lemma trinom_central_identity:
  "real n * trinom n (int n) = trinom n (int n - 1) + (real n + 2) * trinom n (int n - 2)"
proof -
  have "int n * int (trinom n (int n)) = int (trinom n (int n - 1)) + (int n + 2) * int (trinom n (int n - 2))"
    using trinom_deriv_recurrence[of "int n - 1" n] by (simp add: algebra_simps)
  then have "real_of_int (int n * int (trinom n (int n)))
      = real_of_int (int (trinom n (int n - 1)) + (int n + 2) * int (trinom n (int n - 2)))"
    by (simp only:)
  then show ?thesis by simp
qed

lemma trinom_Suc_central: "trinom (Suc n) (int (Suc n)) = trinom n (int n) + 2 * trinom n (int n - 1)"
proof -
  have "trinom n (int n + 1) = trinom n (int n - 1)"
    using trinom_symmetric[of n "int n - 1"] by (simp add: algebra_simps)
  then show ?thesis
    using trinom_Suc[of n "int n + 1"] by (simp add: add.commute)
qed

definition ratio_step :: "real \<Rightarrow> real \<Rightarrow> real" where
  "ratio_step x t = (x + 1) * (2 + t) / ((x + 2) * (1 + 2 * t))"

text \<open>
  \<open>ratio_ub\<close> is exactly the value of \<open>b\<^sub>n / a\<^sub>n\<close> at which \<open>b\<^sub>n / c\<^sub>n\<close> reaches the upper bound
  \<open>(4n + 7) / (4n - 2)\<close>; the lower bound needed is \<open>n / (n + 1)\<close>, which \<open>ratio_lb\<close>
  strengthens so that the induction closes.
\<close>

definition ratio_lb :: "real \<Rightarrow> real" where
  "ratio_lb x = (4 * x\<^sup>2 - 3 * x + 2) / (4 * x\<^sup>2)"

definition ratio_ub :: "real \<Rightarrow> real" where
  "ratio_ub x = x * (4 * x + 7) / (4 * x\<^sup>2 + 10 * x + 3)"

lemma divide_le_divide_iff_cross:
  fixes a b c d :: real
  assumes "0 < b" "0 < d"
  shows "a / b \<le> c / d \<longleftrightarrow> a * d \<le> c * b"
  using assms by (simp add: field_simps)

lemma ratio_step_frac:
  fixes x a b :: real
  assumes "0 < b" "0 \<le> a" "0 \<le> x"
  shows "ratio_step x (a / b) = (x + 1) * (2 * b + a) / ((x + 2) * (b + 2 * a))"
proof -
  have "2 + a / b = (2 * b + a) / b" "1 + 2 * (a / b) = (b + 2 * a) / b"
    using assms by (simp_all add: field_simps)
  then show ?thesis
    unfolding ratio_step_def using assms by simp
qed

### Work to be completed
Your answer should consist of the lines from the listing that hold the word "where".

### Result of this task
definition ratio_step :: "real \<Rightarrow> real \<Rightarrow> real" where
definition ratio_lb :: "real \<Rightarrow> real" where
definition ratio_ub :: "real \<Rightarrow> real" where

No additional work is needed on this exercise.